## Activity
Identify each line in the records below that contains the word "cong", and copy it.
[Source data]
text \<open>The equations at the vertices of S other than \<open>a\<^sup>+\<close> already hold, so the cut equation
  yields the one at \<open>a\<^sup>+\<close>.\<close>

lemma lift_flow_equation_head:
  assumes "finite S" "finite Q1" "S \<subseteq> Q0" "a \<in> Q1" "tlv a \<in> Q0" "hdv a \<in> S" "tlv a \<notin> S"
    and entering: "\<forall>c\<in>Q1. hdv c \<in> S \<and> tlv c \<notin> S \<longrightarrow> c = a"
    and y: "y \<in> flow_polytope (glue tlv hdv a ` Q0) (Q1 - {a})
              (glue tlv hdv a \<circ> tlv) (glue tlv hdv a \<circ> hdv) (contr_theta tlv hdv \<theta> a)"
  defines "B \<equiv> {b\<in>Q1. hdv b \<notin> S \<and> tlv b \<in> S}"
  defines "t \<equiv> of_int (sum \<theta> S) + (\<Sum>b\<in>B. y b)"
  shows "of_int (\<theta> (hdv a)) = net_flow Q1 tlv hdv (y(a := t)) (hdv a)"
proof -
  have "tlv a \<noteq> hdv a" using assms(6,7) by auto
  have "(\<Sum>b\<in>B. (y(a := t)) b) = (\<Sum>b\<in>B. y b)"
    using assms(6) by (intro sum.cong) (auto simp: B_def)
  then have S_sum: "(\<Sum>v\<in>S. net_flow Q1 tlv hdv (y(a := t)) v) = of_int (sum \<theta> S)"
    unfolding sum_net_flow_cut[OF assms(1,2,4,6,7) entering] B_def[symmetric] by (simp add: t_def)
  have S_other: "(\<Sum>v\<in>S - {hdv a}. net_flow Q1 tlv hdv (y(a := t)) v) = (\<Sum>v\<in>S - {hdv a}. of_int (\<theta> v))"
  proof (rule sum.cong[OF refl])
    fix v assume "v \<in> S - {hdv a}"
    then have "v \<in> Q0" "v \<noteq> tlv a" "v \<noteq> hdv a" using assms(3,7) by auto
    then show "net_flow Q1 tlv hdv (y(a := t)) v = of_int (\<theta> v)"
      using lift_flow_equation_other[OF assms(2,4,5) \<open>tlv a \<noteq> hdv a\<close> y] by simp
  qed
  have "(\<Sum>v\<in>S. net_flow Q1 tlv hdv (y(a := t)) v) =
      net_flow Q1 tlv hdv (y(a := t)) (hdv a) + (\<Sum>v\<in>S - {hdv a}. net_flow Q1 tlv hdv (y(a := t)) v)"
    by (rule sum.remove[OF assms(1,6)])
  moreover have "(\<Sum>v\<in>S. of_int (\<theta> v) :: real) = of_int (\<theta> (hdv a)) + (\<Sum>v\<in>S - {hdv a}. of_int (\<theta> v))"
    by (rule sum.remove[OF assms(1,6)])
  ultimately show ?thesis
    using S_sum S_other by (simp add: of_int_sum)
qed

lemma contractable_entering_arrow:
  assumes "finite S" "finite Q1" and arrows: "\<forall>c\<in>Q1. tlv c \<in> Q0 \<and> hdv c \<in> Q0" and "S \<subseteq> Q0"
    and a: "a \<in> Q1" "hdv a \<in> S" "tlv a \<notin> S"
    and entering: "\<forall>c\<in>Q1. hdv c \<in> S \<and> tlv c \<notin> S \<longrightarrow> c = a"
    and "0 \<le> sum \<theta> S"
  shows "contractable Q0 Q1 tlv hdv \<theta> a"
proof -
  define P where "P = flow_polytope Q0 Q1 tlv hdv \<theta>"
  define R where "R = flow_polytope (glue tlv hdv a ` Q0) (Q1 - {a})
    (glue tlv hdv a \<circ> tlv) (glue tlv hdv a \<circ> hdv) (contr_theta tlv hdv \<theta> a)"
  define B where "B = {b\<in>Q1. hdv b \<notin> S \<and> tlv b \<in> S}"
  have ends: "tlv a \<in> Q0" "hdv a \<in> Q0" "tlv a \<noteq> hdv a" using arrows a by auto
  have B: "a \<notin> B" "finite B" "B \<subseteq> Q1" using a assms(2) by (auto simp: B_def)
  have cut_P: "\<forall>x\<in>P. x a = of_int (sum \<theta> S) + (\<Sum>b\<in>B. x b)"
  proof
    fix x assume "x \<in> P"
    then have "(\<Sum>v\<in>S. net_flow Q1 tlv hdv x v) = of_int (sum \<theta> S)"
      using \<open>S \<subseteq> Q0\<close> unfolding P_def mem_flow_polytope_iff[OF assms(2)] by (auto simp: subset_iff)
    then show "x a = of_int (sum \<theta> S) + (\<Sum>b\<in>B. x b)"
      unfolding sum_net_flow_cut[OF assms(1,2) a entering] B_def by simp
  qed
  have "R \<subseteq> (\<lambda>x. x(a := 0)) ` P"
  proof
    fix y assume y: "y \<in> R"
    define t where "t = of_int (sum \<theta> S) + (\<Sum>b\<in>B. y b)"
    have y_arrows: "\<forall>i\<in>Q1 - {a}. 0 \<le> y i" "y a = 0"
      using y unfolding R_def mem_flow_polytope_iff[OF finite_Diff[OF assms(2)]] by auto
    then have "0 \<le> (\<Sum>b\<in>B. y b)"
      using B by (intro sum_nonneg) auto
    then have "0 \<le> t"
      using \<open>0 \<le> sum \<theta> S\<close> by (simp add: t_def del: of_int_sum)
    moreover have "of_int (\<theta> (hdv a)) = net_flow Q1 tlv hdv (y(a := t)) (hdv a)"
      using lift_flow_equation_head[OF assms(1,2,4) a(1) ends(1) a(2,3) entering y[unfolded R_def]]
      unfolding t_def B_def .
    ultimately have "y(a := t) \<in> P"
      unfolding P_def by (rule flow_polytope_uncontract[where tlv=tlv and hdv=hdv, OF assms(2) a(1) ends(1,3) y[unfolded R_def]])
    moreover have "y = (y(a := t))(a := 0)"
      using y_arrows(2) by auto
    ultimately show "y \<in> (\<lambda>x. x(a := 0)) ` P"
      by (intro image_eqI[where f = "\<lambda>x. x(a := 0)"])
  qed
  moreover have "(\<lambda>x. x(a := 0)) ` P \<subseteq> R"
    unfolding P_def R_def by (intro image_subsetI flow_polytope_contract[where tlv=tlv and hdv=hdv, OF assms(2) a(1) ends])
  ultimately have "R = (\<lambda>x. x(a := 0)) ` P"
    by (rule antisym)
  moreover have "int_aff_equiv P ((\<lambda>x. x(a := 0)) ` P)"
    using B(2,1) Ints_of_int cut_P by (rule int_aff_equiv_forget_coordinate)
  ultimately have "int_aff_equiv P R"
    by simp
  then show ?thesis
    unfolding contractable_def P_def R_def using a(1) ends(3) by blast
qed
[/Source data]
## Solution to the problem
    using assms(6) by (intro sum.cong) (auto simp: B_def)
  proof (rule sum.cong[OF refl])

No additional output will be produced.